## EXERCISE MATERIAL
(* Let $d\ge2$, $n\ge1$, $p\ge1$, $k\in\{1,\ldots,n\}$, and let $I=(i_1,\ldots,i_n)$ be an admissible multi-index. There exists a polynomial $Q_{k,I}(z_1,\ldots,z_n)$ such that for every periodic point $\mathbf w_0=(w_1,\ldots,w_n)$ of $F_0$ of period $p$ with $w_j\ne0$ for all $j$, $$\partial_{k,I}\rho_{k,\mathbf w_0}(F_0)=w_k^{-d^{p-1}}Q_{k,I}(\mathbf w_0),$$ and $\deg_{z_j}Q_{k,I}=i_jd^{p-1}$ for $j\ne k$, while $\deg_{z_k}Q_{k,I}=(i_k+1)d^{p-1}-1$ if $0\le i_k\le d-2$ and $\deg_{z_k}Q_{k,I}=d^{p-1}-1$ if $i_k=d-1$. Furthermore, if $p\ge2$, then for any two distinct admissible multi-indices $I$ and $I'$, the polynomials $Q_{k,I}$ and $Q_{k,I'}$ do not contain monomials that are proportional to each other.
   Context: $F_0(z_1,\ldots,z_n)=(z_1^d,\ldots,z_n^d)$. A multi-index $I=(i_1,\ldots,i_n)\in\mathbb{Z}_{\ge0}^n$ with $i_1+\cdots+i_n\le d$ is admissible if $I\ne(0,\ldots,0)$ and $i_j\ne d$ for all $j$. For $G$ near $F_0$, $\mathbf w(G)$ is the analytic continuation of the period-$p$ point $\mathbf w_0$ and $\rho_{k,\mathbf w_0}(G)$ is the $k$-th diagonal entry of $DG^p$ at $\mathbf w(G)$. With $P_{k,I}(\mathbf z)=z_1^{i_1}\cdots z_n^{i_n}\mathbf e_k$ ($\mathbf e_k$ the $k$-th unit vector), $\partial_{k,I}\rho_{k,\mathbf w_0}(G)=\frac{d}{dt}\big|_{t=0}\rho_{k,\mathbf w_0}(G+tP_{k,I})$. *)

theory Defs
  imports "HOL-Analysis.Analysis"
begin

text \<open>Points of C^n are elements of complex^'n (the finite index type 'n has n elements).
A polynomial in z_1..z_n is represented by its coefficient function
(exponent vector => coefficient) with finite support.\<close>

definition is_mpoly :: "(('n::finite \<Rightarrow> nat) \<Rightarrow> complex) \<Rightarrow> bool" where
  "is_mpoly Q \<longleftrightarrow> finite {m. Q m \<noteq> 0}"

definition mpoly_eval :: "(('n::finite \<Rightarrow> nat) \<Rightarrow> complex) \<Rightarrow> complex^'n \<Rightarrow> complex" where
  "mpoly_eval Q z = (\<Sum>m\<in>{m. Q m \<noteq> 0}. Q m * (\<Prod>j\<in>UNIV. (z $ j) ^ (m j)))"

## REQUIRED WORK
Starting at the line that contains "(exponent vector =>" and stopping after the line that contains "Q \<longleftrightarrow> finite", write out every line exactly as it appears above, and no other line.

## ANSWER FOR THE TASK
(exponent vector => coefficient) with finite support.\<close>

definition is_mpoly :: "(('n::finite \<Rightarrow> nat) \<Rightarrow> complex) \<Rightarrow> bool" where
  "is_mpoly Q \<longleftrightarrow> finite {m. Q m \<noteq> 0}"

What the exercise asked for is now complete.